In Python function parameters can have default values. These default values are expressions which are executed when the function is defined, i.e. only once. The same default value will be used every time the function is called, thus modifying it will have an effect on every subsequent call. This can create some very confusing bugs.

It is also a bad idea to store mutable default value in another object (ex: as an attribute). Multiple instances will then share the same value and modifying one objet will modify all of them.

This rule raises an issue when:

Noncompliant Code Example

In the following example, the parameter "param" has list() as a default value. This list is created only once and then reused in every call. Thus when it appends 'a' to this list, the next call will have ['a'] as a default value.

def myfunction(param=list()):  # Noncompliant.
    param.append('a')  # modification of the default value.
    return param

print(myfunction()) # returns ['a']
print(myfunction()) # returns ['a', 'a']
print(myfunction()) # returns ['a', 'a', 'a']

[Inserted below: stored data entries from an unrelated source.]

section \<open>The nonlinearity\<close>

lemma nonlinearity_zeros:
  fixes f F :: "real \<Rightarrow> real"
  assumes "(\<beta> = 1 \<and> F = (\<lambda>x. (1 - x^2)^2 / 4) \<and> f = (\<lambda>x. x - x^3))
       \<or> (\<exists>\<theta> \<theta>c. 0 < \<theta> \<and> \<theta> < \<theta>c
            \<and> F = (\<lambda>x. \<theta>/2 * ((1 + x) * ln (1 + x) + (1 - x) * ln (1 - x)) - \<theta>c/2 * x^2)
            \<and> f = (\<lambda>x. \<theta>/2 * ln ((1 - x) / (1 + x)) + \<theta>c * x)
            \<and> 0 < \<beta> \<and> \<beta> < 1 \<and> f \<beta> = 0)"
  shows "0 < \<beta>" "f \<beta> = 0" "f (- \<beta>) = 0" "\<And>x. \<bar>x\<bar> \<le> \<beta> \<Longrightarrow> f differentiable at x"
proof -
  have "0 < \<beta> \<and> f \<beta> = 0 \<and> f (- \<beta>) = 0 \<and> (\<forall>x. \<bar>x\<bar> \<le> \<beta> \<longrightarrow> f differentiable at x)"
    using assms
  proof
    assume "\<beta> = 1 \<and> F = (\<lambda>x. (1 - x^2)^2 / 4) \<and> f = (\<lambda>x. x - x^3)"
    thus ?thesis by auto
  next
    assume "\<exists>\<theta> \<theta>c. 0 < \<theta> \<and> \<theta> < \<theta>c
            \<and> F = (\<lambda>x. \<theta>/2 * ((1 + x) * ln (1 + x) + (1 - x) * ln (1 - x)) - \<theta>c/2 * x^2)
            \<and> f = (\<lambda>x. \<theta>/2 * ln ((1 - x) / (1 + x)) + \<theta>c * x)
            \<and> 0 < \<beta> \<and> \<beta> < 1 \<and> f \<beta> = 0"
    then obtain \<theta> \<theta>c where f: "f = (\<lambda>x. \<theta>/2 * ln ((1 - x) / (1 + x)) + \<theta>c * x)"
      and \<beta>: "0 < \<beta>" "\<beta> < 1" "f \<beta> = 0" by blast
    have "ln ((1 + \<beta>) / (1 - \<beta>)) = - ln ((1 - \<beta>) / (1 + \<beta>))"
      using \<beta> by (simp add: ln_div)
    hence "f (- \<beta>) = - f \<beta>" unfolding f by simp
    moreover have "f differentiable at x" if "\<bar>x\<bar> \<le> \<beta>" for x
    proof -
      have "0 < 1 - x" "0 < 1 + x" using that \<beta> by auto
      thus ?thesis unfolding f by (auto intro!: derivative_eq_intros simp: real_differentiable_def)
    qed
    ultimately show ?thesis using \<beta> by auto
  qed
  thus "0 < \<beta>" "f \<beta> = 0" "f (- \<beta>) = 0" "\<And>x. \<bar>x\<bar> \<le> \<beta> \<Longrightarrow> f differentiable at x" by auto
qed

lemma stabilized_nonlinearity_bound:
  fixes f :: "real \<Rightarrow> real"
  assumes zeros: "f \<beta> = 0" "f (- \<beta>) = 0"
    and diff: "\<And>x. \<bar>x\<bar> \<le> \<beta> \<Longrightarrow> f differentiable at x"
    and lip: "\<And>x. x \<in> {-\<beta>..\<beta>} \<Longrightarrow> \<bar>deriv f x\<bar> \<le> \<kappa>"
    and y: "\<bar>y\<bar> \<le> \<beta>"
  shows "\<bar>f y + \<kappa> * y\<bar> \<le> \<kappa> * \<beta>"
proof -
  let ?g = "\<lambda>x. f x + \<kappa> * x"
  have mono: "\<exists>D. (?g has_real_derivative D) (at x) \<and> 0 \<le> D" if "- \<beta> \<le> x" "x \<le> \<beta>" for x
  proof -
    have "(f has_real_derivative deriv f x) (at x)"
      using diff[of x] that DERIV_deriv_iff_real_differentiable by auto
    moreover have "\<bar>deriv f x\<bar> \<le> \<kappa>" using lip[of x] that by simp
    ultimately show ?thesis by (intro exI[of _ "deriv f x + \<kappa>"]) (auto intro!: derivative_eq_intros)
  qed
  have "?g y \<le> ?g \<beta>" by (rule DERIV_nonneg_imp_nondecreasing) (use y mono in auto)
  moreover have "?g (- \<beta>) \<le> ?g y" by (rule DERIV_nonneg_imp_nondecreasing) (use y mono in auto)
  ultimately show ?thesis using zeros by (simp add: abs_le_iff)
qed

theorem mainTheorem13:
  fixes L \<epsilon> m \<alpha> \<kappa> \<beta> T K1 R0 :: real
    and M N :: nat
    and F f V V' :: "real \<Rightarrow> real"
    and t :: "nat \<Rightarrow> real"
    and \<phi> \<phi>hat :: "nat \<Rightarrow> grid"
    and R :: "nat \<Rightarrow> real"
  defines "h \<equiv> L / real M"
    and "\<sigma> \<equiv> \<alpha> / 2"
  assumes L_pos: "L > 0" and M_pos: "M \<ge> 1"
    and m_pos: "m > 0" and eps_pos: "\<epsilon> > 0" and alpha: "0 < \<alpha>" "\<alpha> < 1"
    and nonlin:
      "(\<beta> = 1 \<and> F = (\<lambda>x. (1 - x^2)^2 / 4) \<and> f = (\<lambda>x. x - x^3))
       \<or> (\<exists>\<theta> \<theta>c. 0 < \<theta> \<and> \<theta> < \<theta>c
            \<and> F = (\<lambda>x. \<theta>/2 * ((1 + x) * ln (1 + x) + (1 - x) * ln (1 - x)) - \<theta>c/2 * x^2)
            \<and> f = (\<lambda>x. \<theta>/2 * ln ((1 - x) / (1 + x)) + \<theta>c * x)
            \<and> 0 < \<beta> \<and> \<beta> < 1 \<and> f \<beta> = 0)"
    (* auxiliary functional V, assumptions (A1)-(A3) with K_2 = 1 *)
    and V_deriv: "\<And>x. (V has_real_derivative V' x) (at x)"
    and V'_cont: "continuous_on UNIV V'"
    and V'_lip: "\<exists>Lp. \<forall>x y. \<bar>V' x - V' y\<bar> \<le> Lp * \<bar>x - y\<bar>"
    and V_one: "V 1 = 1" and V'_one: "V' 1 = 0"
    and V'_bnd: "\<And>x. \<bar>V' x\<bar> \<le> K1"
    and V_range: "\<And>x. 0 \<le> V x \<and> V x \<le> 1"
    and V_mono: "\<And>z1 z2. \<bar>z1 - 1\<bar> \<le> \<bar>z2 - 1\<bar> \<Longrightarrow> \<bar>V z1 - 1\<bar> \<le> \<bar>V z2 - 1\<bar>"
    and t0: "t 0 = 0" and tN: "t N = T"
    and t_mono: "\<And>k. 1 \<le> k \<Longrightarrow> k \<le> N \<Longrightarrow> t (k - 1) < t k"
    and ratio: "\<And>k. 2 \<le> k \<Longrightarrow> k \<le> N \<Longrightarrow> rr t k \<ge> 4/7"
    and kappa: "\<kappa> \<ge> 0" "\<And>x. x \<in> {-\<beta>..\<beta>} \<Longrightarrow> \<bar>deriv f x\<bar> \<le> \<kappa>"
    and init: "norm_inf M (\<phi> 0) \<le> \<beta>" and R_init: "R 0 = R0"
    and tau1: "tau t 1 \<le> min
        ((4 / (11 * \<sigma> * m * (\<kappa> + 4 * \<epsilon>^2 / h^2) * Gamma (2 - \<alpha>))) powr (1 / \<alpha>))
        ((4 / (11 * \<kappa> * (1 - \<sigma>) * m * Gamma (2 - \<alpha>))) powr (1 / \<alpha>))"
    and taun: "\<And>n. 1 \<le> n \<Longrightarrow> n \<le> N \<Longrightarrow>
        tau t n \<le> (4 / (11 * (1 - \<sigma>) * m * (4 * \<epsilon>^2 / h^2 + \<kappa>) * Gamma (2 - \<alpha>))) powr (1 / \<alpha>)"
    and hat1_bnd: "N \<ge> 1 \<Longrightarrow> norm_inf M (\<phi>hat 1) \<le> \<beta>"
    and hat1_eq: "\<And>i j. N \<ge> 1 \<Longrightarrow> i < M \<Longrightarrow> j < M \<Longrightarrow>
        Bcoef \<alpha> t 1 1 * (\<phi>hat 1 i j - \<phi> 0 i j)
        = m * (\<epsilon>^2 * lap_h M h (\<lambda>i j. (1 - \<sigma>) * \<phi>hat 1 i j + \<sigma> * \<phi> 0 i j) i j
               + f ((1 - \<sigma>) * \<phi>hat 1 i j + \<sigma> * \<phi> 0 i j))"
    and hat_pred: "\<And>n i j. 2 \<le> n \<Longrightarrow> n \<le> N \<Longrightarrow> i < M \<Longrightarrow> j < M \<Longrightarrow>
        \<phi>hat n i j = min (max ((1 + rr t n) * \<phi> (n - 1) i j - rr t n * \<phi> (n - 2) i j) (- \<beta>)) \<beta>"
    and phi_eq: "\<And>n i j. 1 \<le> n \<Longrightarrow> n \<le> N \<Longrightarrow> i < M \<Longrightarrow> j < M \<Longrightarrow>
        (let hs = (\<lambda>i j. (1 - \<sigma>) * \<phi>hat n i j + \<sigma> * \<phi> (n - 1) i j);
             ps = (\<lambda>i j. (1 - \<sigma>) * \<phi> n i j + \<sigma> * \<phi> (n - 1) i j);
             Vn = V (g_h M h F hs (R (n - 1)))
         in (\<Sum>k = 1..n. Bcoef \<alpha> t n k * (\<phi> k i j - \<phi> (k - 1) i j))
            = m * (\<epsilon>^2 * lap_h M h ps i j + Vn * f (hs i j) - \<kappa> * (ps i j - Vn * hs i j)))"
    and R_eq: "\<And>n. 1 \<le> n \<Longrightarrow> n \<le> N \<Longrightarrow>
        (let hs = (\<lambda>i j. (1 - \<sigma>) * \<phi>hat n i j + \<sigma> * \<phi> (n - 1) i j);
             ps = (\<lambda>i j. (1 - \<sigma>) * \<phi> n i j + \<sigma> * \<phi> (n - 1) i j);
             Vn = V (g_h M h F hs (R (n - 1)));
             D\<phi> = (\<lambda>i j. (\<phi> n i j - \<phi> (n - 1) i j) / tau t n)
         in (R n - R (n - 1)) / tau t n
            = - Vn * ip_h M h (\<lambda>i j. f (hs i j)) D\<phi>
              + \<kappa> * ip_h M h (\<lambda>i j. ps i j - Vn * hs i j) D\<phi>)"
  shows "\<forall>n. 1 \<le> n \<and> n \<le> N \<longrightarrow>
     (let Vn = V (g_h M h F (\<lambda>i j. (1 - \<sigma>) * \<phi>hat n i j + \<sigma> * \<phi> (n - 1) i j) (R (n - 1)));
          corr = \<kappa> * m * (Vn - 1) * \<beta> / (Bcoef \<alpha> t n n + \<kappa> * (1 - \<sigma>) * m)
      in norm_inf M (\<phi> n) \<le> \<beta> + corr \<and> corr \<le> 0)"
proof -
  have h: "0 < h" using L_pos M_pos by (simp add: h_def)
  have \<sigma>: "\<sigma> = \<alpha>/2" "0 < \<sigma>" "\<sigma> \<le> 1" using alpha by (auto simp: \<sigma>_def)
  note zeros = nonlinearity_zeros[OF nonlin]
  note stab = stabilized_nonlinearity_bound[OF zeros(2,3,4) kappa(2)]
  have coeffs: "max_principle_coeffs (Bcoef \<alpha> t n) n (\<sigma> * m * (\<kappa> + 4 * \<epsilon>^2 / h^2))"
    if "1 \<le> n" "n \<le> N" for n
    using Bcoef_max_principle_coeffs[OF alpha, of n t m "\<kappa> + 4 * \<epsilon>^2 / h^2"] t_mono ratio that
      m_pos kappa(1) eps_pos h tau1 taun[of n] unfolding \<sigma>(1) by (simp add: add.commute add_nonneg_pos)
  have pred: "norm_inf M (\<phi>hat n) \<le> \<beta>" if "1 \<le> n" "n \<le> N" for n
  proof (cases "n = 1")
    case False
    with that hat_pred zeros(1) show ?thesis
      by (intro norm_inf_le[OF M_pos]) (simp add: min_def max_def abs_le_iff)
  qed (use hat1_bnd that in simp)
  have step: "let Vn = V (g_h M h F (\<lambda>i j. (1 - \<sigma>) * \<phi>hat n i j + \<sigma> * \<phi> (n - 1) i j) (R (n - 1)));
          corr = \<kappa> * m * (Vn - 1) * \<beta> / (Bcoef \<alpha> t n n + \<kappa> * (1 - \<sigma>) * m)
      in norm_inf M (\<phi> n) \<le> \<beta> + corr \<and> corr \<le> 0"
    if "1 \<le> n" "n \<le> N" "\<And>k. k < n \<Longrightarrow> norm_inf M (\<phi> k) \<le> \<beta>" for n
    unfolding Let_def using phi_eq[OF that(1,2)] V_range
    by (intro scheme_step_norm_bound[OF M_pos that(1) that(3) pred[OF that(1,2)] stab coeffs[OF that(1,2)]])
      (use \<sigma>(2,3) m_pos eps_pos kappa(1) h in \<open>auto simp: Let_def\<close>)
  have bounded: "n \<le> N \<longrightarrow> norm_inf M (\<phi> n) \<le> \<beta>" for n
  proof (induction n rule: less_induct)
    case (less n)
    with init step[of n] show ?case by (cases "n = 0") (auto simp: Let_def)
  qed
  show ?thesis using step bounded by simp
qed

In the following example the same list is used for multiple instances of MyClass.param.

class MyClass:
    def __init__(self, param=list()):  # Noncompliant.
        self.param = param  # The same list is used for every instance of MyClass

    def process(self, value):
        self.param.append(value)  # modifying the same list

a1, a2 = (MyClass(), MyClass())
a1.process("value")
print(a1.param)  # ['value']
print(a2.param)  # ['value']

Compliant Solution

def myfunction(param=None):
    if param is None:
        param = list()
    param.append('a')
    return param

print(myfunction()) # returns ['a']
print(myfunction()) # returns ['a']
print(myfunction()) # returns ['a']
class MyClass:
    def __init__(self, param=None):
        if param is None:
            self.param = list()
        else:
            self.param = param

    def process(self, value):
        self.param.append(value)

a1, a2 = (MyClass(), MyClass())
a1.process("value")
print(a1.param)  # ['value']
print(a2.param)  # []

Exceptions

In some very rare cases modifying a default value is ok. For example, default values can be used as a cache.

No issue will be raised when the parameter's name contains "cache" or "memo" (as in memoization).